[Items from a data source]
##########
(* Let $A$ be a central simple algebra of degree $n$ over a field $k$, and let $I\subset A$ be a left ideal of $k$-dimension $n$. Fix an integer $j$. Then the map $J\mapsto J^\circ I$ is a canonical bijection from the set of left ideals $J$ of $A$ with $I\subset J$ and $\dim_k J=nj$ onto the set of $k$-subspaces $W\subset I^\circ I$ with $\dim_k W=n-j$. (Its inverse is $W\mapsto{}^\circ(WA)$.)
   Context: For $I\subset A$: right annihilator $I^\circ=\{a\in A: Ia=0\}$, left annihilator ${}^\circ I=\{a\in A: aI=0\}$. Products of subspaces $UW$ denote the $k$-span of products $uw$. *)

theory Defs
  imports Complex_Main
begin

definition k_algebra :: "('k::field \<Rightarrow> 'a::ring_1 \<Rightarrow> 'a) \<Rightarrow> bool" where
  "k_algebra sc \<longleftrightarrow> vector_space sc \<and>
     (\<forall>c x y. sc c (x * y) = sc c x * y) \<and> (\<forall>c x y. sc c (x * y) = x * sc c y)"

definition fin_dim_alg :: "('k::field \<Rightarrow> 'a::ring_1 \<Rightarrow> 'a) \<Rightarrow> bool" where
  "fin_dim_alg sc \<longleftrightarrow> (\<exists>B. finite B \<and> module.span sc B = UNIV)"

definition left_ideal :: "'a::ring_1 set \<Rightarrow> bool" where
  "left_ideal J \<longleftrightarrow> 0 \<in> J \<and> (\<forall>x\<in>J. \<forall>y\<in>J. x + y \<in> J) \<and> (\<forall>a x. x \<in> J \<longrightarrow> a * x \<in> J)"

definition two_sided_ideal :: "'a::ring_1 set \<Rightarrow> bool" where
  "two_sided_ideal J \<longleftrightarrow> left_ideal J \<and> (\<forall>a x. x \<in> J \<longrightarrow> x * a \<in> J)"

definition central_alg :: "('k::field \<Rightarrow> 'a::ring_1 \<Rightarrow> 'a) \<Rightarrow> bool" where
  "central_alg sc \<longleftrightarrow> {z. \<forall>x. z * x = x * z} = range (\<lambda>c. sc c 1)"

text \<open>Simple: nonzero (automatic for ring_1, since 0 \<noteq> 1) and only trivial two-sided ideals.\<close>
definition simple_alg :: "'a::ring_1 itself \<Rightarrow> bool" where
  "simple_alg _ \<longleftrightarrow> (\<forall>J::'a set. two_sided_ideal J \<longrightarrow> J = {0} \<or> J = UNIV)"

definition csa_of_degree :: "('k::field \<Rightarrow> 'a::ring_1 \<Rightarrow> 'a) \<Rightarrow> nat \<Rightarrow> bool" where
  "csa_of_degree sc n \<longleftrightarrow> k_algebra sc \<and> fin_dim_alg sc \<and> central_alg sc \<and>
     simple_alg TYPE('a) \<and> vector_space.dim sc (UNIV::'a set) = n ^ 2"

text \<open>Right annihilator I\<degree> and left annihilator \<degree>I.\<close>
definition rann :: "'a::ring_1 set \<Rightarrow> 'a set" where
  "rann I = {a. \<forall>x\<in>I. x * a = 0}"
lemma powr_div_le_of_exp_le:
  fixes s t :: real
  assumes "exp 1 \<le> t" "t \<le> s"
  shows "s powr (t / s) \<le> t"
proof -
  have t0: "0 < t" using assms(1) exp_gt_zero by (meson less_le_trans)
  then have s0: "0 < s" using assms(2) by linarith
  have "ln s / s \<le> ln t / t" using ln_x_over_x_mono[OF assms] .
  then have "t / s * ln s \<le> ln t" using s0 t0 by (simp add: field_simps)
  then have "exp (t / s * ln s) \<le> exp (ln t)" by simp
  then show ?thesis using s0 t0 by (simp add: powr_def mult.commute)
qed

lemma powr_exponent_ratio_le_tangent:
  fixes y q m l c :: real
  assumes "0 \<le> y" "0 < q" "0 < m" "m < l" "0 < c"
  shows "y powr (m * q) / (m * q)
    \<le> c powr (m / l - 1) * (y powr (l * q) / (l * q) + (1 - m / l) * c / m * (1 / q))"
proof -
  define w where "w = y powr (l * q)"
  have "w powr (m / l) = y powr (m * q)"
    unfolding w_def powr_powr using assms(3,4) by (simp add: mult.commute)
  then have "y powr (m * q) / (m * q)
      \<le> c powr (m / l - 1) * (m / l * w + (1 - m / l) * c) / (m * q)"
    using powr_le_tangent[of w c "m / l"] assms by (simp add: w_def divide_right_mono)
  also have "\<dots> = c powr (m / l - 1) * (w / (l * q) + (1 - m / l) * c / m * (1 / q))"
    using assms by (simp add: field_simps)
  finally show ?thesis unfolding w_def .
qed

lemma tangent_constant_le_1:
  fixes \<beta> m l :: real
  assumes "0 < \<beta>" "\<beta> * exp 1 < m" "m < l"
  shows "(l / \<beta>) powr (m / l - 1) * (1 + (1 - m / l) * (l / \<beta>) / m * \<beta>) \<le> 1"
proof -
  have m: "0 < m" using assms(1,2) by (smt (verit) exp_gt_zero mult_pos_pos)
  have "(l / \<beta>) powr ((m / \<beta>) / (l / \<beta>)) \<le> m / \<beta>"
    using assms by (intro powr_div_le_of_exp_le) (auto simp: field_simps divide_strict_right_mono)
  then have "(l / \<beta>) powr (m / l) * (\<beta> / l) * (l / m) \<le> 1"
    using assms m by (simp add: field_simps)
  moreover have "1 + (1 - m / l) * (l / \<beta>) / m * \<beta> = l / m"
    using assms m by (simp add: field_simps)
  moreover have "(l / \<beta>) powr (m / l - 1) = (l / \<beta>) powr (m / l) * (\<beta> / l)"
    using assms m by (simp add: powr_diff)
  ultimately show ?thesis by (simp only:)
qed

lemma abs_div_powr_le:
  fixes y \<gamma> \<rho> r :: real
  assumes "1 \<le> \<gamma>" "0 < \<rho>" "\<rho> \<le> r"
  shows "\<bar>y / \<gamma>\<bar> powr r / r \<le> \<bar>y\<bar> powr r / (\<gamma> powr \<rho> * \<rho>)"
proof -
  have "\<gamma> powr \<rho> * \<rho> \<le> \<gamma> powr r * r"
    using assms by (intro mult_mono powr_mono) auto
  moreover have "0 < \<gamma> powr \<rho> * \<rho>" using assms by simp
  ultimately have "\<bar>y\<bar> powr r / (\<gamma> powr r * r) \<le> \<bar>y\<bar> powr r / (\<gamma> powr \<rho> * \<rho>)"
    by (intro divide_left_mono) auto
  then show ?thesis using assms(1) by (simp add: powr_divide abs_divide)
qed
##########
▶ [Exercise goal]: Each record above should be given again exactly as it appears.

▶ [Your solution]:
(* Let $A$ be a central simple algebra of degree $n$ over a field $k$, and let $I\subset A$ be a left ideal of $k$-dimension $n$. Fix an integer $j$. Then the map $J\mapsto J^\circ I$ is a canonical bijection from the set of left ideals $J$ of $A$ with $I\subset J$ and $\dim_k J=nj$ onto the set of $k$-subspaces $W\subset I^\circ I$ with $\dim_k W=n-j$. (Its inverse is $W\mapsto{}^\circ(WA)$.)
   Context: For $I\subset A$: right annihilator $I^\circ=\{a\in A: Ia=0\}$, left annihilator ${}^\circ I=\{a\in A: aI=0\}$. Products of subspaces $UW$ denote the $k$-span of products $uw$. *)

theory Defs
  imports Complex_Main
begin

definition k_algebra :: "('k::field \<Rightarrow> 'a::ring_1 \<Rightarrow> 'a) \<Rightarrow> bool" where
  "k_algebra sc \<longleftrightarrow> vector_space sc \<and>
     (\<forall>c x y. sc c (x * y) = sc c x * y) \<and> (\<forall>c x y. sc c (x * y) = x * sc c y)"

definition fin_dim_alg :: "('k::field \<Rightarrow> 'a::ring_1 \<Rightarrow> 'a) \<Rightarrow> bool" where
  "fin_dim_alg sc \<longleftrightarrow> (\<exists>B. finite B \<and> module.span sc B = UNIV)"

definition left_ideal :: "'a::ring_1 set \<Rightarrow> bool" where
  "left_ideal J \<longleftrightarrow> 0 \<in> J \<and> (\<forall>x\<in>J. \<forall>y\<in>J. x + y \<in> J) \<and> (\<forall>a x. x \<in> J \<longrightarrow> a * x \<in> J)"

definition two_sided_ideal :: "'a::ring_1 set \<Rightarrow> bool" where
  "two_sided_ideal J \<longleftrightarrow> left_ideal J \<and> (\<forall>a x. x \<in> J \<longrightarrow> x * a \<in> J)"

definition central_alg :: "('k::field \<Rightarrow> 'a::ring_1 \<Rightarrow> 'a) \<Rightarrow> bool" where
  "central_alg sc \<longleftrightarrow> {z. \<forall>x. z * x = x * z} = range (\<lambda>c. sc c 1)"

text \<open>Simple: nonzero (automatic for ring_1, since 0 \<noteq> 1) and only trivial two-sided ideals.\<close>
definition simple_alg :: "'a::ring_1 itself \<Rightarrow> bool" where
  "simple_alg _ \<longleftrightarrow> (\<forall>J::'a set. two_sided_ideal J \<longrightarrow> J = {0} \<or> J = UNIV)"

definition csa_of_degree :: "('k::field \<Rightarrow> 'a::ring_1 \<Rightarrow> 'a) \<Rightarrow> nat \<Rightarrow> bool" where
  "csa_of_degree sc n \<longleftrightarrow> k_algebra sc \<and> fin_dim_alg sc \<and> central_alg sc \<and>
     simple_alg TYPE('a) \<and> vector_space.dim sc (UNIV::'a set) = n ^ 2"

text \<open>Right annihilator I\<degree> and left annihilator \<degree>I.\<close>
definition rann :: "'a::ring_1 set \<Rightarrow> 'a set" where
  "rann I = {a. \<forall>x\<in>I. x * a = 0}"
lemma powr_div_le_of_exp_le:
  fixes s t :: real
  assumes "exp 1 \<le> t" "t \<le> s"
  shows "s powr (t / s) \<le> t"
proof -
  have t0: "0 < t" using assms(1) exp_gt_zero by (meson less_le_trans)
  then have s0: "0 < s" using assms(2) by linarith
  have "ln s / s \<le> ln t / t" using ln_x_over_x_mono[OF assms] .
  then have "t / s * ln s \<le> ln t" using s0 t0 by (simp add: field_simps)
  then have "exp (t / s * ln s) \<le> exp (ln t)" by simp
  then show ?thesis using s0 t0 by (simp add: powr_def mult.commute)
qed

lemma powr_exponent_ratio_le_tangent:
  fixes y q m l c :: real
  assumes "0 \<le> y" "0 < q" "0 < m" "m < l" "0 < c"
  shows "y powr (m * q) / (m * q)
    \<le> c powr (m / l - 1) * (y powr (l * q) / (l * q) + (1 - m / l) * c / m * (1 / q))"
proof -
  define w where "w = y powr (l * q)"
  have "w powr (m / l) = y powr (m * q)"
    unfolding w_def powr_powr using assms(3,4) by (simp add: mult.commute)
  then have "y powr (m * q) / (m * q)
      \<le> c powr (m / l - 1) * (m / l * w + (1 - m / l) * c) / (m * q)"
    using powr_le_tangent[of w c "m / l"] assms by (simp add: w_def divide_right_mono)
  also have "\<dots> = c powr (m / l - 1) * (w / (l * q) + (1 - m / l) * c / m * (1 / q))"
    using assms by (simp add: field_simps)
  finally show ?thesis unfolding w_def .
qed

lemma tangent_constant_le_1:
  fixes \<beta> m l :: real
  assumes "0 < \<beta>" "\<beta> * exp 1 < m" "m < l"
  shows "(l / \<beta>) powr (m / l - 1) * (1 + (1 - m / l) * (l / \<beta>) / m * \<beta>) \<le> 1"
proof -
  have m: "0 < m" using assms(1,2) by (smt (verit) exp_gt_zero mult_pos_pos)
  have "(l / \<beta>) powr ((m / \<beta>) / (l / \<beta>)) \<le> m / \<beta>"
    using assms by (intro powr_div_le_of_exp_le) (auto simp: field_simps divide_strict_right_mono)
  then have "(l / \<beta>) powr (m / l) * (\<beta> / l) * (l / m) \<le> 1"
    using assms m by (simp add: field_simps)
  moreover have "1 + (1 - m / l) * (l / \<beta>) / m * \<beta> = l / m"
    using assms m by (simp add: field_simps)
  moreover have "(l / \<beta>) powr (m / l - 1) = (l / \<beta>) powr (m / l) * (\<beta> / l)"
    using assms m by (simp add: powr_diff)
  ultimately show ?thesis by (simp only:)
qed

lemma abs_div_powr_le:
  fixes y \<gamma> \<rho> r :: real
  assumes "1 \<le> \<gamma>" "0 < \<rho>" "\<rho> \<le> r"
  shows "\<bar>y / \<gamma>\<bar> powr r / r \<le> \<bar>y\<bar> powr r / (\<gamma> powr \<rho> * \<rho>)"
proof -
  have "\<gamma> powr \<rho> * \<rho> \<le> \<gamma> powr r * r"
    using assms by (intro mult_mono powr_mono) auto
  moreover have "0 < \<gamma> powr \<rho> * \<rho>" using assms by simp
  ultimately have "\<bar>y\<bar> powr r / (\<gamma> powr r * r) \<le> \<bar>y\<bar> powr r / (\<gamma> powr \<rho> * \<rho>)"
    by (intro divide_left_mono) auto
  then show ?thesis using assms(1) by (simp add: powr_divide abs_divide)
qed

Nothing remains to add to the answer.